Motorbikes clotted the side of the road. People were stopped -- they were staring. My driver made an exclamation in Khmer. I didn't understand. On the left side, a few of the curious had moved, but they were stopped from pushing any further. Police had control of the scene. My heart beat faster. What was I about to see?

Focused on getting me to my destination, my driver began to creep through the gawking throngs. Over everyone's heads, I then looked, and a street scene began to move like a well-planned slide show; piece by engaging piece.

A large cargo truck was stopped; at a complete standstill.

Fragments and chips were scattered beneath its front.

A grim sound registered in my ears.

*pshh*
*pshhh*


Glass was everywhere.

Weaving about, I caught a view.

A man held a can of white spray paint and shook it, up and down.

*ticka-ticka-ticka*

He continues his task.

*pshh*
*pshhh*

He was outlining marks where a limp body had just laid on the pavement, most likely minutes before.

I wanted to look away, but I keep looking.

There were flashing lights, and whoever was laying on the asphalt moments ago had just been dragged away.

Glass was everywhere. Everyone was staring. It appeared a motorbike was involved, and with this thought, I doubted there were survivors.

I was glad we did not stall. My driver raced on up the road. I actually pushed the rest of my ice cream cone into my mouth. I surprised myself, though I know the world is becoming less shocking to me. But this moment of awareness, this slide show on the street, brought me face to face with my own mortality. I won't stop riding motorbikes, but I was reminded, life is fragile.

A tear welled on my lower eyelid. I smelled the night air around me. It was cool on my skin. I was alive, but someone was not.

Sunday, June 15, 2008

Pagoda Boys.

From the beginning of May until the end of the June 2008, I lived in a pagoda in rural Cambodia. In the countryside of Kampong Cham, I was gracefully invited to make my home. I accepted.

The subjects of the photographs at the bottom of this entry, these boys and men, hold a special place in my heart. These are my roommates.

Pagoda boys make their living in the temple. They serve the needs of the monks through transportation, cooking, cleaning, and other duties; and in return, the monks give each of them a place to sleep and a passion to learn.

Looking at their faces, a casual visitor would almost never assume that some are destitute or that some face family issues completely out of their hands. But this is the case for several. In portraying this subject, my roommates at Nokorbachey Temple, above all I do not want to show anything that is wanting or devoid. Poverty certainly touches their lives, but the resilience of their hearts moves beyond material. I want the viewer to see the beauty of their hearts, the charm of their eyes, the sparkle of their smiles, and the nonsense of their humor. These are my friends. We speak in broken English and Khmer, and some of us rarely exchange words, but our smiles have broken the boundary lines between cultures.

These are my roommates.



Wednesday, June 11, 2008

Driving lessons.

Venerable Vandong now has a bobblehead in his car. It nods yes as he abruptly slams on the brakes, only to release and do it again. We are inching closer to the makeshift garage under the pagoda. Release, slam. Release slam. My head bobs too. This is a monk's driving lesson by night.
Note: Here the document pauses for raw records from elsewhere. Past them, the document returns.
lemma eq_special_perm_if_first_3:
  assumes perm: "perm_of n \<pi>" and "fishburn \<pi>" "0 < n" "avoids \<pi> [3,2,1]" "avoids \<pi> [3,1,2,4]"
    and first: "\<pi> ! 0 = 3"
  shows "\<pi> = special_perm n"
proof -
  have "3 \<le> n" using perm_of_nth_mem[OF perm \<open>0 < n\<close>] first by simp
  have second: "\<pi> ! 1 = 1" using second_entry_if_first_3[OF perm assms(2,3,4) first] .
  have last: "\<pi> ! (n - 1) = 2" using last_entry_if_first_3_1[OF perm \<open>3 \<le> n\<close> assms(5) first second] .
  have "\<pi> ! i < \<pi> ! j" if "2 \<le> i" "i < j" "j < n - 1" for i j
  proof (rule ccontr)
    assume "\<not> \<pi> ! i < \<pi> ! j"
    moreover have "\<pi> ! i \<noteq> \<pi> ! j" using perm_of_nth_eq_iff[OF perm, of i j] that by simp
    ultimately have "\<pi> ! j < \<pi> ! i" by simp
    moreover have "2 < \<pi> ! j"
    proof -
      have "j < n" using that(3) by simp
      moreover have "\<pi> ! j \<noteq> 1" "\<pi> ! j \<noteq> 2"
        using perm_of_nth_eq_iff[OF perm, of j 1] perm_of_nth_eq_iff[OF perm, of j "n - 1"] second last that
        by auto
      ultimately show ?thesis using perm_of_nth_mem[OF perm, of j] by fastforce
    qed
    ultimately have "i < j \<and> j < n - 1 \<and> n - 1 < length \<pi> \<and> \<pi> ! (n - 1) < \<pi> ! j \<and> \<pi> ! j < \<pi> ! i"
      using that last perm_of_length[OF perm] by simp
    then show False using assms(4) unfolding avoids_def contains_321_iff by blast
  qed
  then show ?thesis using eq_special_permI[OF perm \<open>3 \<le> n\<close> first second last] by blast
qed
------------------------------------------------------------

Late last week we were slowly ambling in the direction of town. I didn't look over at him much then, but the robed driver seemed to be tense.

"How do you feel?" I ask.

"Uh... maybe not good sometimes," he says. He laughs and his entire body shakes, his enormous head waggles, and his eyes almost shut completely.

A slow SUV is in front of us, but at first Venerable Vandong does not pass. I don't say a word. He sits with his face leaning in and both hands gripping the wheel. He finally builds courage and we slide around the black Lexus. Cars like this are still a strange and sore sight for my eyes in developing Cambodia. I understand this Lexus just as much as I understand monks that own a car they cannot drive; a car in which they install a new stereo, plush seat covers, a bobblehead, a pine tree air freshener, and a second air freshener in an overly glamorous perfume bottle that sits glued to the dash.

"Maybe the driver the same me," he comments, looking back to his passing maneuver. Venerable Vandong continues his monologue.

"When you drive so slow, many people call you a 'tourist driver,' he says. He laughs jovially with most of his comments.

Now we are going faster. As we pull into town he slips the car in between two pedaling girls and I catch a glimpse of a petite figure on the bicycle nearest my window.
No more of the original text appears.